Two weeks later, I was kind of stable but the fast way into meditation was laid and stayed with me.

Since that incident, lots of things and work going on in different layers of the body/mind followed but sometimes, it is a lot to take and it is a constant tearing between the feelings.

– The strong movements of the energy can make you crazy but when silent, I miss “her”…

– Character changes come like gifts but on the other hand, demand a lot of work which means: I have to do it now or I pay with enormous tensions. Have to sit down. Have to do the work.

– Knowing, just knowing what to do. Not being afraid of certain things happening. Things that in a “normal” state would have freaked me out. On the other hand, feeling utter despair for always having to know on my own. 

– Much more able to just trust and let things happen, evolve, develop in time while on the other hand being much more upset about things that are out of my influence and therefore the “me” being forced to accept it.

– Losing the grip of the ego more and more while standing clearly in the “I“. No longer having patience for attacks of any level of severity against me that have nothing to do with me. 

– Accepting other people in their way of being while when sensing it is coming from an egoic state of mind, not having lots of nerves for dealing with petty problems and/or eg. resistance to make changes that would help getting better.

– Days like at work, sitting without movement for a long time, can create lots of tensions and a kind of nausea-feeling like when I was pregnant. Need for rest while need for lots of movement, stretching, bending.

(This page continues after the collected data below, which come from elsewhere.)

lemma ext_pred_persists: "persists (ext_pred x AR Att) (ext_pred x AR' Att')"
  by (cases x) (simp_all add: complete_ext_persists preferred_ext_persists semi_stable_ext_persists
      stage_ext_persists stage2_ext_persists cf2_ext_persists grounded_ext_persists
      ideal_ext_persists eager_ext_persists)

end

theorem proposition44:
  fixes x :: semantics
    and AR AR' :: "'a set" and Att Att' :: "('a \<times> 'a) set"
  assumes "wf_AF AR Att" and "wf_AF AR' Att'"
    and "rm_expansion AR Att AR' Att'"
  shows "\<forall>E \<in> sigma x AR Att. \<exists>E' \<in> sigma x AR' Att'. (\<not> E' \<subseteq> AR \<or> E' = E)"
proof -
  interpret rational_expansion AR Att AR' Att'
    using assms by unfold_locales
  show ?thesis
    using ext_pred_persists[of x] unfolding sigma_def persists_def by blast
qed

end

– Sleeping hours very uncertain: Lots of sweating during nighttime, vivid dreaming, not being able to sleep more than 5 – 6 hours but feeling very tired in the early afternoon.

– Heightened senses come back slowly, this time more gradually. Even sounds traveling through the spine came back. Strong ones like thunder and – if I desire, I can draw certain music inwards.

– Thunder seems kind of “there“ anyway. Sometimes hearing thunder-like sounds, feeling energy exiting my body like thunder into the ground.How has your awakening progressed?

4. What year did awakening come for you?

My Kundalini awoke in 2016, so it’s been 4 years now. Progression is ongoing and unfolding in circles. Every time I thought that NOW! This is it! I had to realize that I am still nowhere…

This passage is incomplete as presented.